*WORKING DATA*
[Start of Attachment]

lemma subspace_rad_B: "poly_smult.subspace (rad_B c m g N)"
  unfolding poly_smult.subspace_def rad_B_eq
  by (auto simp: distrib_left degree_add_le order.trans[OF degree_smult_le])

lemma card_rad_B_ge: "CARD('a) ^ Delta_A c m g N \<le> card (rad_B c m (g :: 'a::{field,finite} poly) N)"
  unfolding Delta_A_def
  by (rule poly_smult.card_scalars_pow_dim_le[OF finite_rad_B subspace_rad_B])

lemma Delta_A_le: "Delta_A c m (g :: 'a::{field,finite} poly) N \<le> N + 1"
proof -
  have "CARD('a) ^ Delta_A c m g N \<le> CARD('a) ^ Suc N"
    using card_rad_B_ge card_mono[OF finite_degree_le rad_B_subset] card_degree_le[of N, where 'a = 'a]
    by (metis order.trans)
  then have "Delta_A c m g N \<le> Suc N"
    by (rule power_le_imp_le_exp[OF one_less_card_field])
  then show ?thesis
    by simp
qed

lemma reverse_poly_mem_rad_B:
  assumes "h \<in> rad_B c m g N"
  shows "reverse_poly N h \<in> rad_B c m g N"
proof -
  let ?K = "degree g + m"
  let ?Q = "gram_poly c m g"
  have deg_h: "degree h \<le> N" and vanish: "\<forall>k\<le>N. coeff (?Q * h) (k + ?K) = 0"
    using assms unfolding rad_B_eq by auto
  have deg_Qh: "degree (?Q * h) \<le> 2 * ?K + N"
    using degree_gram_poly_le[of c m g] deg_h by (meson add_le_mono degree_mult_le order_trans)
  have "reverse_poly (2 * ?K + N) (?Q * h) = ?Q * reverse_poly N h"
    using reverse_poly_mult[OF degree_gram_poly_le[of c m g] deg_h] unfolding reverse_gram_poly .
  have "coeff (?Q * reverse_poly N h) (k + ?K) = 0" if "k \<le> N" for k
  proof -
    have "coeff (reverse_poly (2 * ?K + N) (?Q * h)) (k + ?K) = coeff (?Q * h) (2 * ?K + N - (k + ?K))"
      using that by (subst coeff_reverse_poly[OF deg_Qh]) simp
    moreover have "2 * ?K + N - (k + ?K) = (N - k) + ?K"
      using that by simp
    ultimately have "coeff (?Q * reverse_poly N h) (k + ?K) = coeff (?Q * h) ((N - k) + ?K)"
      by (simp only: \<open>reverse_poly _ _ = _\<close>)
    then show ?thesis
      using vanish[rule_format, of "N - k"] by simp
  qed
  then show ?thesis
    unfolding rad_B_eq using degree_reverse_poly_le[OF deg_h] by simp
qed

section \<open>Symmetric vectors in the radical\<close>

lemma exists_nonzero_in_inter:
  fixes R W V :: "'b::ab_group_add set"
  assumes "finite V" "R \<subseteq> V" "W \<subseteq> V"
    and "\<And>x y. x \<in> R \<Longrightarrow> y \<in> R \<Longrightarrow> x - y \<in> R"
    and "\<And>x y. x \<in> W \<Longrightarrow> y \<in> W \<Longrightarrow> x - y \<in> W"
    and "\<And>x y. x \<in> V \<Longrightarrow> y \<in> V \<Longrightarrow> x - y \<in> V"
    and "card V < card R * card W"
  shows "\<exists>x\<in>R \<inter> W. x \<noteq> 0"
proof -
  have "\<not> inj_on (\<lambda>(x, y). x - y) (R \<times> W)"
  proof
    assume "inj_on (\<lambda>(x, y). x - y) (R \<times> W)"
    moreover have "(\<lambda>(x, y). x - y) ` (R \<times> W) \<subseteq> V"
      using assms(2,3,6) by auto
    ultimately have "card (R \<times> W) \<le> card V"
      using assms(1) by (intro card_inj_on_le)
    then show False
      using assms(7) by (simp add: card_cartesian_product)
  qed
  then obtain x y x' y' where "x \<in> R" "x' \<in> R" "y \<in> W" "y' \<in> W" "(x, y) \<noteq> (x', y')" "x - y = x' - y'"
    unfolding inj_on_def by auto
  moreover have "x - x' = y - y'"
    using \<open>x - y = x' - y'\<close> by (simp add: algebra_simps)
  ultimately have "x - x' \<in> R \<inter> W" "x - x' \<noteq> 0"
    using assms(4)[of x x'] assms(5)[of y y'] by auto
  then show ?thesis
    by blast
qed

[End of Attachment]
[Start of Attachment]

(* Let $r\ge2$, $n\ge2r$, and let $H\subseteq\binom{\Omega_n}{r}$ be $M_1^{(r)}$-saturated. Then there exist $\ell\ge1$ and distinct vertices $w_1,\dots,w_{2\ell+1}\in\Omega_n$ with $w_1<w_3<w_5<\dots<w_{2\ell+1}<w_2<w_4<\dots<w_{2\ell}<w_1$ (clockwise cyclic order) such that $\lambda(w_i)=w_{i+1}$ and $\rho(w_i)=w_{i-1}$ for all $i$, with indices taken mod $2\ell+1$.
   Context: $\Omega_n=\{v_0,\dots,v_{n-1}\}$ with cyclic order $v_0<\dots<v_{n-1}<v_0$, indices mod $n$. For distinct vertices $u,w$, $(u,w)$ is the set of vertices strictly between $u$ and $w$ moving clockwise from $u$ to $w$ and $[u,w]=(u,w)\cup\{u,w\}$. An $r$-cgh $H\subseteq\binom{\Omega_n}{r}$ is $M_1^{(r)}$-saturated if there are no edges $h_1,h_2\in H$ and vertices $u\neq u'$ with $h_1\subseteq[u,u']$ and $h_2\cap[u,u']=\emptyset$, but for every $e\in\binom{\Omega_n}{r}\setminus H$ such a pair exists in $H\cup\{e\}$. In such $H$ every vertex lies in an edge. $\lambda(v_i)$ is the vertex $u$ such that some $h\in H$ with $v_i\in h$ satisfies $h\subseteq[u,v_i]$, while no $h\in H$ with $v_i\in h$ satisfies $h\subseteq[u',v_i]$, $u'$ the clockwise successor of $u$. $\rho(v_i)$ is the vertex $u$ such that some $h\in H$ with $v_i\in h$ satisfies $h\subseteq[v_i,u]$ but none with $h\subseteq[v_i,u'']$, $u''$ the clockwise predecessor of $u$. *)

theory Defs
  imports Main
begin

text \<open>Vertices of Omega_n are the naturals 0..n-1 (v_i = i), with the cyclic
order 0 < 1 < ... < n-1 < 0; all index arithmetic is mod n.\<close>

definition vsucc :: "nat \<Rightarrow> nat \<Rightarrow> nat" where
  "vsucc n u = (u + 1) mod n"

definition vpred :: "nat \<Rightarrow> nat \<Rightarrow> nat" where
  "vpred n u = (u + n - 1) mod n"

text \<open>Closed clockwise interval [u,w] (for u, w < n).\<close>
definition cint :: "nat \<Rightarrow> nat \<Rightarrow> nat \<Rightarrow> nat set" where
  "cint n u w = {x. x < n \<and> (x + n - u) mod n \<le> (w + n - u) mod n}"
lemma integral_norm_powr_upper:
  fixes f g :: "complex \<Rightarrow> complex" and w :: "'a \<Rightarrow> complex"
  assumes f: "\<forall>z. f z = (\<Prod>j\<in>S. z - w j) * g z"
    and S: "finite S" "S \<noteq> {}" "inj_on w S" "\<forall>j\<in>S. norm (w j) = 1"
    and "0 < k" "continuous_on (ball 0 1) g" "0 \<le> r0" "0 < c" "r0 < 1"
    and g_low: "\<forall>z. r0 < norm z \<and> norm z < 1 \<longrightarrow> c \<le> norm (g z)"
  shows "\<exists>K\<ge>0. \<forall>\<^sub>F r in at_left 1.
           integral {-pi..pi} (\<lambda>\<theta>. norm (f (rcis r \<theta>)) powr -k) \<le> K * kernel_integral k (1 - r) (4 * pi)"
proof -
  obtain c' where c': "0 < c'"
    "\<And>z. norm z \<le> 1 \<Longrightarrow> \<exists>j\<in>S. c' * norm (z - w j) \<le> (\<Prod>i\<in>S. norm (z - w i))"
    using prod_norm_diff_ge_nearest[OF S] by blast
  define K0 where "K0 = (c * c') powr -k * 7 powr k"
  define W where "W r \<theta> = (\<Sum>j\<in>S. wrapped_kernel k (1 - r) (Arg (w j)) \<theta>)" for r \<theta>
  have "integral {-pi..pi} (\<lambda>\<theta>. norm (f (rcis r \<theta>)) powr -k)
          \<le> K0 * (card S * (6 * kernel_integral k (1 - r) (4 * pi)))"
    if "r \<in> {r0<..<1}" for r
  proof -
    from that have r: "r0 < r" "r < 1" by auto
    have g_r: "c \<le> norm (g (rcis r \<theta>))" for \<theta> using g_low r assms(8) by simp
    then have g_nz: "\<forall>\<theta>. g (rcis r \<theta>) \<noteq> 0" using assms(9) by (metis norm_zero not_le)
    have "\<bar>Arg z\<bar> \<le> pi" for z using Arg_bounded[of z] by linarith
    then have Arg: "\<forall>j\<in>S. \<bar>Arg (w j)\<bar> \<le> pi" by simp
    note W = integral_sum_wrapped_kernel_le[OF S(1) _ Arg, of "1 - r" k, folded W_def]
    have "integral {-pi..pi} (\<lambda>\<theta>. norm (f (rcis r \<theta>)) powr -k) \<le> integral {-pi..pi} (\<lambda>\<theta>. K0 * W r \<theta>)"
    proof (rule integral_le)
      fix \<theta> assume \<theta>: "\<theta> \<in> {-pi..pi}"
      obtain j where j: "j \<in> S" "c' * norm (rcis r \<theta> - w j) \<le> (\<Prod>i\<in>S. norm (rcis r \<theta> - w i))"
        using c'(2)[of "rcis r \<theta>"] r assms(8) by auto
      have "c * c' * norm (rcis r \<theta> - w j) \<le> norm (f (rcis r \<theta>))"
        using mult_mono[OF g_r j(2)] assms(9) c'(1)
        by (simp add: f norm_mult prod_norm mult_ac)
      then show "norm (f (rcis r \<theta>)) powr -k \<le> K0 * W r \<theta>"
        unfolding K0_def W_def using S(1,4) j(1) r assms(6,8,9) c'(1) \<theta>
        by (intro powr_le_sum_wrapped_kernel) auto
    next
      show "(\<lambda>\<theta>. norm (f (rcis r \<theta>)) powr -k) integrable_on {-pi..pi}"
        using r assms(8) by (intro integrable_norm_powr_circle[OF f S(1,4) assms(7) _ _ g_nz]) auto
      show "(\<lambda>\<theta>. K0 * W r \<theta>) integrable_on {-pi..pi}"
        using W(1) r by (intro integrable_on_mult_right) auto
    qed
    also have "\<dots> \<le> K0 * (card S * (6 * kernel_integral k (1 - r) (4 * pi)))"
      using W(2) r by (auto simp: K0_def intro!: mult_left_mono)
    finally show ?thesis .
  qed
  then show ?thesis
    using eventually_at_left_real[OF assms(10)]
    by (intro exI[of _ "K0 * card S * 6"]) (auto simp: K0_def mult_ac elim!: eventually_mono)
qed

[End of Attachment]
[Start of Attachment]

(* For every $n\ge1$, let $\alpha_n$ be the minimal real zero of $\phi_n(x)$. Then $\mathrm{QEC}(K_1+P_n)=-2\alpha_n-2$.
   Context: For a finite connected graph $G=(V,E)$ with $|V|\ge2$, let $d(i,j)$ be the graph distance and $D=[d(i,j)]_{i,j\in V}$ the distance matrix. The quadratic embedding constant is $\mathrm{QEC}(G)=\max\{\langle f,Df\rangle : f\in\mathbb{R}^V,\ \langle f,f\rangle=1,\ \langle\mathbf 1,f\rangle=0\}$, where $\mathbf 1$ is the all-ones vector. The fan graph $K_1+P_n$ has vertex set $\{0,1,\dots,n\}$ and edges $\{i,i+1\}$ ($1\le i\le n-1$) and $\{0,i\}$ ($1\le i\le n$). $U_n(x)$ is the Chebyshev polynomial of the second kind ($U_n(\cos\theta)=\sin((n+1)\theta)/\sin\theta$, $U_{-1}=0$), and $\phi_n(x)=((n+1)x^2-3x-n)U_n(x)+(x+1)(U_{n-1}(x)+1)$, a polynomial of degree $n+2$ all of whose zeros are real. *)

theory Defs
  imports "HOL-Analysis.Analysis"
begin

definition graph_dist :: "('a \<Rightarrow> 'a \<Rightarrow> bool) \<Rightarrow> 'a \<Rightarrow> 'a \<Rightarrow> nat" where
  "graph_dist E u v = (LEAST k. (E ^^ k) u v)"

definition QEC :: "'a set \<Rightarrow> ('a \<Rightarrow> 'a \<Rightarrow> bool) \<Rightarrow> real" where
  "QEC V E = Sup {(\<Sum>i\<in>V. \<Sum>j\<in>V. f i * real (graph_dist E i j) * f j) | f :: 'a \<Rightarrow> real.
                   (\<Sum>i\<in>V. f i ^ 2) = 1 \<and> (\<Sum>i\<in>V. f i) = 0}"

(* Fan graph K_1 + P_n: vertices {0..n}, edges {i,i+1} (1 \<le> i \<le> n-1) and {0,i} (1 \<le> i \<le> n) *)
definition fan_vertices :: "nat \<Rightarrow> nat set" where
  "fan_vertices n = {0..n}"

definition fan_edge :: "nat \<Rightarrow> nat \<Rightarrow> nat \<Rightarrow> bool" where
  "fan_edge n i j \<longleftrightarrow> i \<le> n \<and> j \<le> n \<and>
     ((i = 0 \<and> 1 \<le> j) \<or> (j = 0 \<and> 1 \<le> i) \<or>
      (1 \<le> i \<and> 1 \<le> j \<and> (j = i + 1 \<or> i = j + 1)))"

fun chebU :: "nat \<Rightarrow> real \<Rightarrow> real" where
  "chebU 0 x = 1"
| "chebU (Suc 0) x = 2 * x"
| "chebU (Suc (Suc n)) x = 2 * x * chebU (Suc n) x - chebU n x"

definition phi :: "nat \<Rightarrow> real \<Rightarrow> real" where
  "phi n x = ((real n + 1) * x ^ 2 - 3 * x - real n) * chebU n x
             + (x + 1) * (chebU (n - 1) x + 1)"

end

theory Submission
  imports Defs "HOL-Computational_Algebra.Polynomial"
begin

[End of Attachment]

Only the number should be given: how many lines in the data contain the string "open".

*SOLUTION TO THE EXERCISE*
5